Task: Would you set down all of the entries below exactly as they stand?

Saved entries:
"""
definition QI2_continuous :: "'a topology \<Rightarrow> bool" where
  "QI2_continuous X \<longleftrightarrow> (\<forall>x\<in>topspace X.
     irreducible_in (PS X) (w_set X x) \<and> up_set X {x} = \<Inter>(w_set X x))"

end

theory Submission
  imports Defs
begin

text \<open>
  Only (2) \<Longrightarrow> (1) needs an argument. Its heart is an approximation property: if \<open>\<F>\<close> is
  irreducible in \<open>P\<^sub>S(X)\<close> with \<open>\<Inter>\<F> = \<up>x\<close>, and \<open>\<up>F \<subseteq> U\<close> for some \<open>\<up>F \<in> w(x)\<close> and open \<open>U\<close>,
  then some member of \<open>\<F>\<close> already lies in \<open>U\<close>. Otherwise every member of \<open>\<F>\<close> meets \<open>X - U\<close>,
  and the topological Rudin lemma yields an irreducible closed \<open>C \<subseteq> X - U\<close> meeting every member
  of \<open>\<F>\<close>; as these members are upper sets, the upper bounds of \<open>C\<close> lie in \<open>\<Inter>\<F> = \<up>x\<close>, so
  \<open>x \<in> C\<^sup>\<delta>\<close>, and \<open>F \<ll>\<^sub>I\<^sub>2 x\<close> forces \<open>F\<close> to meet \<open>C\<close>, a contradiction. Approximation puts
  \<open>w(x)\<close> into the closure of \<open>\<F> \<subseteq> w(x)\<close>, so \<open>w(x)\<close> is irreducible; and \<open>\<Inter>w(x) = \<up>x\<close>
  because \<open>x \<in> \<up>F\<close> whenever \<open>F \<ll>\<^sub>I\<^sub>2 x\<close> (test with \<open>D = {x}\<close>).
\<close>

lemma spec_le_refl: "a \<in> topspace X \<Longrightarrow> spec_le X a a"
  unfolding spec_le_def using closure_of_subset[of "{a}" X] by auto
"""
Answer space:
definition QI2_continuous :: "'a topology \<Rightarrow> bool" where
  "QI2_continuous X \<longleftrightarrow> (\<forall>x\<in>topspace X.
     irreducible_in (PS X) (w_set X x) \<and> up_set X {x} = \<Inter>(w_set X x))"

end

theory Submission
  imports Defs
begin

text \<open>
  Only (2) \<Longrightarrow> (1) needs an argument. Its heart is an approximation property: if \<open>\<F>\<close> is
  irreducible in \<open>P\<^sub>S(X)\<close> with \<open>\<Inter>\<F> = \<up>x\<close>, and \<open>\<up>F \<subseteq> U\<close> for some \<open>\<up>F \<in> w(x)\<close> and open \<open>U\<close>,
  then some member of \<open>\<F>\<close> already lies in \<open>U\<close>. Otherwise every member of \<open>\<F>\<close> meets \<open>X - U\<close>,
  and the topological Rudin lemma yields an irreducible closed \<open>C \<subseteq> X - U\<close> meeting every member
  of \<open>\<F>\<close>; as these members are upper sets, the upper bounds of \<open>C\<close> lie in \<open>\<Inter>\<F> = \<up>x\<close>, so
  \<open>x \<in> C\<^sup>\<delta>\<close>, and \<open>F \<ll>\<^sub>I\<^sub>2 x\<close> forces \<open>F\<close> to meet \<open>C\<close>, a contradiction. Approximation puts
  \<open>w(x)\<close> into the closure of \<open>\<F> \<subseteq> w(x)\<close>, so \<open>w(x)\<close> is irreducible; and \<open>\<Inter>w(x) = \<up>x\<close>
  because \<open>x \<in> \<up>F\<close> whenever \<open>F \<ll>\<^sub>I\<^sub>2 x\<close> (test with \<open>D = {x}\<close>).
\<close>

lemma spec_le_refl: "a \<in> topspace X \<Longrightarrow> spec_le X a a"
  unfolding spec_le_def using closure_of_subset[of "{a}" X] by auto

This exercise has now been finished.